┌─ Information provided

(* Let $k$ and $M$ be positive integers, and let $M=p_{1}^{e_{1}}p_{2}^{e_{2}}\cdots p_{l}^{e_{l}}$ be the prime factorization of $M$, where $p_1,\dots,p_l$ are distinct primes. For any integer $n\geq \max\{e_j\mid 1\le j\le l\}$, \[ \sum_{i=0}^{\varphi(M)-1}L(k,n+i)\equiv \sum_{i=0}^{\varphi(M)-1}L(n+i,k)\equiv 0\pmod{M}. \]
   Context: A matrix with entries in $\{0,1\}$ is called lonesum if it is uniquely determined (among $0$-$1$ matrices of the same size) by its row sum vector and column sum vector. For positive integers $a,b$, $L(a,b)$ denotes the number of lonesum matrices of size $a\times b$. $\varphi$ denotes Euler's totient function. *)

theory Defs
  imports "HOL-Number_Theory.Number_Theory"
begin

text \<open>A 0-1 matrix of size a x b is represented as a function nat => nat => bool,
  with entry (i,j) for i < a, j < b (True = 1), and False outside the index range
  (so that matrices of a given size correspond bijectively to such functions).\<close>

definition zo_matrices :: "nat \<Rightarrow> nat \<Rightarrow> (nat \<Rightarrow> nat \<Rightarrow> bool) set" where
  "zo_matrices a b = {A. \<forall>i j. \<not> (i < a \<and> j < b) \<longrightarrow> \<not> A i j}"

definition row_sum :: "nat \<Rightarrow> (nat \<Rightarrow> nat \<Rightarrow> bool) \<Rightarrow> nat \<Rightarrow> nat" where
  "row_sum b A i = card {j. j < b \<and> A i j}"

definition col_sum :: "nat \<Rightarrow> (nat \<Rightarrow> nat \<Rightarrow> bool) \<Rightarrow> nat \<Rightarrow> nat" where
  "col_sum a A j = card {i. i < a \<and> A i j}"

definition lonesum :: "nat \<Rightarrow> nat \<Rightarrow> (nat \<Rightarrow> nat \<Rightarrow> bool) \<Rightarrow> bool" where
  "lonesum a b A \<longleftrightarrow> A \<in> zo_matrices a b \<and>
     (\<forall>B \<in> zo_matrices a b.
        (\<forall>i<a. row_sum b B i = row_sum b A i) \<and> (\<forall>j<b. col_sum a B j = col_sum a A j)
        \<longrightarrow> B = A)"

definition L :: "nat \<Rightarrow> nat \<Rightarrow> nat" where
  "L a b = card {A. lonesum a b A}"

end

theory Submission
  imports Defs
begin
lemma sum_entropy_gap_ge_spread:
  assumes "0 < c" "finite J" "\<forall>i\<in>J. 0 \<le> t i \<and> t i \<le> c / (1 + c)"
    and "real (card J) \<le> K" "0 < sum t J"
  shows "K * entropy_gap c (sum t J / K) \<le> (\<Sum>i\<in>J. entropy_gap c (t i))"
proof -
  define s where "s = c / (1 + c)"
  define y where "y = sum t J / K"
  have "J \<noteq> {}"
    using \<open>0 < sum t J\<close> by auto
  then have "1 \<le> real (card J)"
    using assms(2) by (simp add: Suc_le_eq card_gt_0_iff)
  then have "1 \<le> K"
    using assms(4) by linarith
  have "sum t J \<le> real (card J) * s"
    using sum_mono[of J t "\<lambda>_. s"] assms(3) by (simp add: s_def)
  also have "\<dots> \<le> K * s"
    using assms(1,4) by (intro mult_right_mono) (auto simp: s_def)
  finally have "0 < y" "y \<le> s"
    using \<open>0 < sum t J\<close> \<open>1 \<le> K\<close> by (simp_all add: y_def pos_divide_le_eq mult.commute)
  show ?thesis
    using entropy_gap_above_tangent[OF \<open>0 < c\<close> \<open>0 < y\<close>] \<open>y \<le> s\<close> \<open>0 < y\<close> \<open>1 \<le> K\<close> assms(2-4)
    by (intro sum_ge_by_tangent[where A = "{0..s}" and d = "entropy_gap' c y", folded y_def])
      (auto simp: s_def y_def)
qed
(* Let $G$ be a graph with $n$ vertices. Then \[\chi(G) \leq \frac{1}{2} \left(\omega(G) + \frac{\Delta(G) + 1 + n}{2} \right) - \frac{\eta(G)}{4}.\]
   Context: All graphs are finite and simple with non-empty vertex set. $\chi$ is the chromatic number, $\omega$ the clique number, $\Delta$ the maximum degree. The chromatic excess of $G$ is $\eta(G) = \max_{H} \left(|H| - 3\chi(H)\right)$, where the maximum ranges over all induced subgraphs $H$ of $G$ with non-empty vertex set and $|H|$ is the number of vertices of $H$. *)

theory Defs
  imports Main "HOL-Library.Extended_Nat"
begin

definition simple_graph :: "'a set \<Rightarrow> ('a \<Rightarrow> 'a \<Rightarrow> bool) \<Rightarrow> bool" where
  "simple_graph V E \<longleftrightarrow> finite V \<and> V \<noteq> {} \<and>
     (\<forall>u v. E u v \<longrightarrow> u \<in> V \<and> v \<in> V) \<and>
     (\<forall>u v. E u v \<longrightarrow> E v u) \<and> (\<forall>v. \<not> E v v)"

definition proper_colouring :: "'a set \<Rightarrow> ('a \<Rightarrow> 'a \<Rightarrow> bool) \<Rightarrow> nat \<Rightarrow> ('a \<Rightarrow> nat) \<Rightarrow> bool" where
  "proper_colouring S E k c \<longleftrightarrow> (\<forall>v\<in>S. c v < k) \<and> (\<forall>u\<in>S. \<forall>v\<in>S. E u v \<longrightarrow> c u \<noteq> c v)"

└─

[Directions]: When you reach this point, go back and write out each record above exactly.

[Solution to the exercise]:
(* Let $k$ and $M$ be positive integers, and let $M=p_{1}^{e_{1}}p_{2}^{e_{2}}\cdots p_{l}^{e_{l}}$ be the prime factorization of $M$, where $p_1,\dots,p_l$ are distinct primes. For any integer $n\geq \max\{e_j\mid 1\le j\le l\}$, \[ \sum_{i=0}^{\varphi(M)-1}L(k,n+i)\equiv \sum_{i=0}^{\varphi(M)-1}L(n+i,k)\equiv 0\pmod{M}. \]
   Context: A matrix with entries in $\{0,1\}$ is called lonesum if it is uniquely determined (among $0$-$1$ matrices of the same size) by its row sum vector and column sum vector. For positive integers $a,b$, $L(a,b)$ denotes the number of lonesum matrices of size $a\times b$. $\varphi$ denotes Euler's totient function. *)

theory Defs
  imports "HOL-Number_Theory.Number_Theory"
begin

text \<open>A 0-1 matrix of size a x b is represented as a function nat => nat => bool,
  with entry (i,j) for i < a, j < b (True = 1), and False outside the index range
  (so that matrices of a given size correspond bijectively to such functions).\<close>

definition zo_matrices :: "nat \<Rightarrow> nat \<Rightarrow> (nat \<Rightarrow> nat \<Rightarrow> bool) set" where
  "zo_matrices a b = {A. \<forall>i j. \<not> (i < a \<and> j < b) \<longrightarrow> \<not> A i j}"

definition row_sum :: "nat \<Rightarrow> (nat \<Rightarrow> nat \<Rightarrow> bool) \<Rightarrow> nat \<Rightarrow> nat" where
  "row_sum b A i = card {j. j < b \<and> A i j}"

definition col_sum :: "nat \<Rightarrow> (nat \<Rightarrow> nat \<Rightarrow> bool) \<Rightarrow> nat \<Rightarrow> nat" where
  "col_sum a A j = card {i. i < a \<and> A i j}"

definition lonesum :: "nat \<Rightarrow> nat \<Rightarrow> (nat \<Rightarrow> nat \<Rightarrow> bool) \<Rightarrow> bool" where
  "lonesum a b A \<longleftrightarrow> A \<in> zo_matrices a b \<and>
     (\<forall>B \<in> zo_matrices a b.
        (\<forall>i<a. row_sum b B i = row_sum b A i) \<and> (\<forall>j<b. col_sum a B j = col_sum a A j)
        \<longrightarrow> B = A)"

definition L :: "nat \<Rightarrow> nat \<Rightarrow> nat" where
  "L a b = card {A. lonesum a b A}"

end

theory Submission
  imports Defs
begin
lemma sum_entropy_gap_ge_spread:
  assumes "0 < c" "finite J" "\<forall>i\<in>J. 0 \<le> t i \<and> t i \<le> c / (1 + c)"
    and "real (card J) \<le> K" "0 < sum t J"
  shows "K * entropy_gap c (sum t J / K) \<le> (\<Sum>i\<in>J. entropy_gap c (t i))"
proof -
  define s where "s = c / (1 + c)"
  define y where "y = sum t J / K"
  have "J \<noteq> {}"
    using \<open>0 < sum t J\<close> by auto
  then have "1 \<le> real (card J)"
    using assms(2) by (simp add: Suc_le_eq card_gt_0_iff)
  then have "1 \<le> K"
    using assms(4) by linarith
  have "sum t J \<le> real (card J) * s"
    using sum_mono[of J t "\<lambda>_. s"] assms(3) by (simp add: s_def)
  also have "\<dots> \<le> K * s"
    using assms(1,4) by (intro mult_right_mono) (auto simp: s_def)
  finally have "0 < y" "y \<le> s"
    using \<open>0 < sum t J\<close> \<open>1 \<le> K\<close> by (simp_all add: y_def pos_divide_le_eq mult.commute)
  show ?thesis
    using entropy_gap_above_tangent[OF \<open>0 < c\<close> \<open>0 < y\<close>] \<open>y \<le> s\<close> \<open>0 < y\<close> \<open>1 \<le> K\<close> assms(2-4)
    by (intro sum_ge_by_tangent[where A = "{0..s}" and d = "entropy_gap' c y", folded y_def])
      (auto simp: s_def y_def)
qed
(* Let $G$ be a graph with $n$ vertices. Then \[\chi(G) \leq \frac{1}{2} \left(\omega(G) + \frac{\Delta(G) + 1 + n}{2} \right) - \frac{\eta(G)}{4}.\]
   Context: All graphs are finite and simple with non-empty vertex set. $\chi$ is the chromatic number, $\omega$ the clique number, $\Delta$ the maximum degree. The chromatic excess of $G$ is $\eta(G) = \max_{H} \left(|H| - 3\chi(H)\right)$, where the maximum ranges over all induced subgraphs $H$ of $G$ with non-empty vertex set and $|H|$ is the number of vertices of $H$. *)

theory Defs
  imports Main "HOL-Library.Extended_Nat"
begin

definition simple_graph :: "'a set \<Rightarrow> ('a \<Rightarrow> 'a \<Rightarrow> bool) \<Rightarrow> bool" where
  "simple_graph V E \<longleftrightarrow> finite V \<and> V \<noteq> {} \<and>
     (\<forall>u v. E u v \<longrightarrow> u \<in> V \<and> v \<in> V) \<and>
     (\<forall>u v. E u v \<longrightarrow> E v u) \<and> (\<forall>v. \<not> E v v)"

definition proper_colouring :: "'a set \<Rightarrow> ('a \<Rightarrow> 'a \<Rightarrow> bool) \<Rightarrow> nat \<Rightarrow> ('a \<Rightarrow> nat) \<Rightarrow> bool" where
  "proper_colouring S E k c \<longleftrightarrow> (\<forall>v\<in>S. c v < k) \<and> (\<forall>u\<in>S. \<forall>v\<in>S. E u v \<longrightarrow> c u \<noteq> c v)"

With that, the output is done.